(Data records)
══════════

definition kalg_hom :: "'k ring \<Rightarrow> 'r ring \<Rightarrow> ('k \<Rightarrow> 'r) \<Rightarrow> 's ring \<Rightarrow> ('k \<Rightarrow> 's)
    \<Rightarrow> ('r \<Rightarrow> 's) \<Rightarrow> bool" where
  "kalg_hom k R etaR S etaS h \<longleftrightarrow>
     h \<in> ring_hom R S \<and> (\<forall>c \<in> carrier k. h (etaR c) = etaS c)"

definition rsum :: "('r, 'm) ring_scheme \<Rightarrow> 'r list \<Rightarrow> 'r" where
  "rsum R xs = foldr (\<lambda>x acc. x \<oplus>\<^bsub>R\<^esub> acc) xs \<zero>\<^bsub>R\<^esub>"

text \<open>An element of the n-fold tensor power of the k-algebra (P, eta) over k
is represented by a formal k-linear combination of pure tensors, i.e. by a
list of pairs (c, [p1,...,pn]) standing for the sum of c (p1 x ... x pn).
Two such representatives denote the same tensor iff they are related by
teq, the smallest equivalence relation making formal sums a free k-module
on words and imposing k-multilinearity in each tensor slot.\<close>

type_synonym ('k, 'p) fsum = "('k \<times> 'p list) list"

definition fs_wf :: "'k ring \<Rightarrow> 'p ring \<Rightarrow> nat \<Rightarrow> ('k, 'p) fsum \<Rightarrow> bool" where
  "fs_wf k P n x \<longleftrightarrow>
     (\<forall>(c, w) \<in> set x. c \<in> carrier k \<and> length w = n \<and> set w \<subseteq> carrier P)"

inductive teq :: "'k ring \<Rightarrow> 'p ring \<Rightarrow> ('k \<Rightarrow> 'p) \<Rightarrow> nat
    \<Rightarrow> ('k, 'p) fsum \<Rightarrow> ('k, 'p) fsum \<Rightarrow> bool"
  for k P eta n where
  refl: "fs_wf k P n x \<Longrightarrow> teq k P eta n x x"
| sym: "teq k P eta n x y \<Longrightarrow> teq k P eta n y x"
| trans: "teq k P eta n x y \<Longrightarrow> teq k P eta n y z \<Longrightarrow> teq k P eta n x z"
| app: "teq k P eta n x x' \<Longrightarrow> teq k P eta n y y' \<Longrightarrow> teq k P eta n (x @ y) (x' @ y')"
| swap: "fs_wf k P n x \<Longrightarrow> fs_wf k P n y \<Longrightarrow> teq k P eta n (x @ y) (y @ x)"
| zero: "fs_wf k P n [(\<zero>\<^bsub>k\<^esub>, w)] \<Longrightarrow> teq k P eta n [(\<zero>\<^bsub>k\<^esub>, w)] []"
| merge: "fs_wf k P n [(c, w), (d, w)] \<Longrightarrow>
           teq k P eta n [(c, w), (d, w)] [(c \<oplus>\<^bsub>k\<^esub> d, w)]"
| addl: "fs_wf k P n [(c, xs @ [s] @ ys), (c, xs @ [t] @ ys)] \<Longrightarrow>
           teq k P eta n [(c, xs @ [s \<oplus>\<^bsub>P\<^esub> t] @ ys)] [(c, xs @ [s] @ ys), (c, xs @ [t] @ ys)]"
| scal: "d \<in> carrier k \<Longrightarrow> fs_wf k P n [(c, xs @ [s] @ ys)] \<Longrightarrow>
           teq k P eta n [(c, xs @ [eta d \<otimes>\<^bsub>P\<^esub> s] @ ys)] [(c \<otimes>\<^bsub>k\<^esub> d, xs @ [s] @ ys)]"

definition fs_mult :: "'k ring \<Rightarrow> 'p ring \<Rightarrow> ('k, 'p) fsum \<Rightarrow> ('k, 'p) fsum \<Rightarrow> ('k, 'p) fsum" where
  "fs_mult k P x y =
     concat (map (\<lambda>(c, v). map (\<lambda>(d, w). (c \<otimes>\<^bsub>k\<^esub> d, map2 (\<lambda>a b. a \<otimes>\<^bsub>P\<^esub> b) v w)) y) x)"

text \<open>A "setoid algebra": k-algebra operations on representatives together
with the equality relation on representatives.\<close>

record ('k, 'a) salg =
  s_add :: "'a \<Rightarrow> 'a \<Rightarrow> 'a"
  s_mul :: "'a \<Rightarrow> 'a \<Rightarrow> 'a"
  s_zero :: 'a
  s_one :: 'a
  s_eta :: "'k \<Rightarrow> 'a"
  s_eq :: "'a \<Rightarrow> 'a \<Rightarrow> bool"

definition s_sum :: "('k, 'a) salg \<Rightarrow> 'a list \<Rightarrow> 'a" where
  "s_sum A xs = foldr (s_add A) xs (s_zero A)"

definition tpow :: "'k ring \<Rightarrow> 'p ring \<Rightarrow> ('k \<Rightarrow> 'p) \<Rightarrow> nat \<Rightarrow> ('k, ('k, 'p) fsum) salg" where
  "tpow k P eta n =
    \<lparr> s_add = (@), s_mul = fs_mult k P, s_zero = [],
      s_one = [(\<one>\<^bsub>k\<^esub>, replicate n \<one>\<^bsub>P\<^esub>)],
      s_eta = (\<lambda>c. [(c, replicate n \<one>\<^bsub>P\<^esub>)]),
      s_eq = teq k P eta n \<rparr>"

text \<open>The universal i-th point P -> P^{(x) n}, f |-> 1 x .. x f x .. x 1.\<close>

definition upt :: "'k ring \<Rightarrow> 'p ring \<Rightarrow> nat \<Rightarrow> nat \<Rightarrow> 'p \<Rightarrow> ('k, 'p) fsum" where
  "upt k P n i = (\<lambda>f. [(\<one>\<^bsub>k\<^esub>, (replicate n \<one>\<^bsub>P\<^esub>)[i := f])])"

text \<open>Co-structure data of a k-k-biring S: coaddition, comultiplication
(valued in the tensor square), additive and multiplicative counits, antipode,
and co-k-linear structure beta : k -> Hom_{k-alg}(S,k).\<close>

record ('k, 'p) biring_data =
  dplus :: "'p \<Rightarrow> ('k, 'p) fsum"
  dtimes :: "'p \<Rightarrow> ('k, 'p) fsum"
  eplus :: "'p \<Rightarrow> 'k"
  etimes :: "'p \<Rightarrow> 'k"
  antip :: "'p \<Rightarrow> 'p"
  beta :: "'k \<Rightarrow> 'p \<Rightarrow> 'k"

text \<open>W_S(A) = Hom_{k-alg}(S, A), with the k-algebra structure induced by the
co-structure of S: (x+y)(f) = sum c x(f') y(f'') over Delta+(f) = sum c f' x f'', etc.\<close>

definition Wsalg :: "'p ring \<Rightarrow> ('k, 'p) biring_data \<Rightarrow> ('k, 'a) salg \<Rightarrow> ('k, 'p \<Rightarrow> 'a) salg" where
  "Wsalg P B A =
    \<lparr> s_add = (\<lambda>x y f. s_sum A (map (\<lambda>(c, w). s_mul A (s_eta A c) (s_mul A (x (w ! 0)) (y (w ! 1))))
                                  (dplus B f))),
      s_mul = (\<lambda>x y f. s_sum A (map (\<lambda>(c, w). s_mul A (s_eta A c) (s_mul A (x (w ! 0)) (y (w ! 1))))
                                  (dtimes B f))),
      s_zero = (\<lambda>f. s_eta A (eplus B f)),
      s_one = (\<lambda>f. s_eta A (etimes B f)),
      s_eta = (\<lambda>c f. s_eta A (beta B c f)),
      s_eq = (\<lambda>x y. \<forall>f \<in> carrier P. s_eq A (x f) (y f)) \<rparr>"

definition Wneg :: "('k, 'p) biring_data \<Rightarrow> ('p \<Rightarrow> 'a) \<Rightarrow> 'p \<Rightarrow> 'a" where
  "Wneg B x = (\<lambda>f. x (antip B f))"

══════════

_THE TASK_
Say how many lines of the data include the word "replicate". Nothing other than the number should be given.

_YOUR SOLUTION_
3